(Beginning of Data section)
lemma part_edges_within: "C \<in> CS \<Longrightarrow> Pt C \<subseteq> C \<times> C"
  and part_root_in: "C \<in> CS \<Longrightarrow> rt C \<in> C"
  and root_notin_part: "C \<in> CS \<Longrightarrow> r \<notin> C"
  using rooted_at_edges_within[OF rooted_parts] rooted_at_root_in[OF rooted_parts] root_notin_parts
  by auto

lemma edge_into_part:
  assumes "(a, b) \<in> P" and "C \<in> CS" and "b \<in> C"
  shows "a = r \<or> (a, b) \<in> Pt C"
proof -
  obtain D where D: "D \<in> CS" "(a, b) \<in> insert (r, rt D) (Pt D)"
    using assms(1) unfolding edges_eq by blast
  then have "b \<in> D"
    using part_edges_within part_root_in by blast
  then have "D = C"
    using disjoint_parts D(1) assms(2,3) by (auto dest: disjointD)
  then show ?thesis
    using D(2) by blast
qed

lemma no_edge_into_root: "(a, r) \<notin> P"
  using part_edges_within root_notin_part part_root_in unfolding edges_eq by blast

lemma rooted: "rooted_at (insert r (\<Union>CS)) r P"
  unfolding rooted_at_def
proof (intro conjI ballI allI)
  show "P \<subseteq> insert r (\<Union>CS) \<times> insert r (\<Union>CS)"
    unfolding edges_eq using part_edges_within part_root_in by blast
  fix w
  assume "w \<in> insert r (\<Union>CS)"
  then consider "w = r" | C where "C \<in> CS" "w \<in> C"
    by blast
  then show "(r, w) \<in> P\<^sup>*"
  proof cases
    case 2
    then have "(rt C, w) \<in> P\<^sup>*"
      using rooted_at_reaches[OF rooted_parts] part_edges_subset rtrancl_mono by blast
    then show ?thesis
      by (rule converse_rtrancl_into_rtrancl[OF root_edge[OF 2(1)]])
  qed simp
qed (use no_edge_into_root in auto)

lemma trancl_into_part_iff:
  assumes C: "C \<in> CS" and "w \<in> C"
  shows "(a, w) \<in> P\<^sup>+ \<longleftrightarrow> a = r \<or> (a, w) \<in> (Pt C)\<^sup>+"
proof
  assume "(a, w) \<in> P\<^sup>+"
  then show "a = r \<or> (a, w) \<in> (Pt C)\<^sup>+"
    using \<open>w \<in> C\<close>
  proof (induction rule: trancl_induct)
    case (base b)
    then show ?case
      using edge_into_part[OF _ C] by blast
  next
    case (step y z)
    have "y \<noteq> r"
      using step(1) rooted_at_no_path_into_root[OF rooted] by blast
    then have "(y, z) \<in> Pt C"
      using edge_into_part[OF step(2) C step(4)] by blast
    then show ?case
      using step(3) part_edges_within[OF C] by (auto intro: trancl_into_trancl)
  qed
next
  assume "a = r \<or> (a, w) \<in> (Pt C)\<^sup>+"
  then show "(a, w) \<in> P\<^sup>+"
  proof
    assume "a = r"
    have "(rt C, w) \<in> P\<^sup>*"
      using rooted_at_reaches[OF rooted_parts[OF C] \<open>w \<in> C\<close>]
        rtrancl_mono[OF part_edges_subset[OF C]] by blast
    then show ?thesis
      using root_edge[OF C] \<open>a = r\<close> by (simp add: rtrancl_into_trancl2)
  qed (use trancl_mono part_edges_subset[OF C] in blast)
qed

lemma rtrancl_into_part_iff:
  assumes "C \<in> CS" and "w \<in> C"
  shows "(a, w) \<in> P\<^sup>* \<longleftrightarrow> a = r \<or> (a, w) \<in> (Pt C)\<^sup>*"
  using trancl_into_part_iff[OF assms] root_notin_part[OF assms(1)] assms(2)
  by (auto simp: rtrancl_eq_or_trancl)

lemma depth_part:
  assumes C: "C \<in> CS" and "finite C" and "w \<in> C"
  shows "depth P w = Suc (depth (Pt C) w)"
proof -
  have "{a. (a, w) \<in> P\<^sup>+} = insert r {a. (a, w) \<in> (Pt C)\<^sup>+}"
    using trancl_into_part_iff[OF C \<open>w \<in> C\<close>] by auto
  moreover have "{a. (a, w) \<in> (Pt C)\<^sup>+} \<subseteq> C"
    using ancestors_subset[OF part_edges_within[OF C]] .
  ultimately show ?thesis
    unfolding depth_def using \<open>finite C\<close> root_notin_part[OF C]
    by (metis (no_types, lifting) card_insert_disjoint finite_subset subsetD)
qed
(End of Data section)
> [Prompt]
Your answer should be all lines from the data that contain "where".

> [Response area]
  obtain D where D: "D \<in> CS" "(a, b) \<in> insert (r, rt D) (Pt D)"
  then consider "w = r" | C where "C \<in> CS" "w \<in> C"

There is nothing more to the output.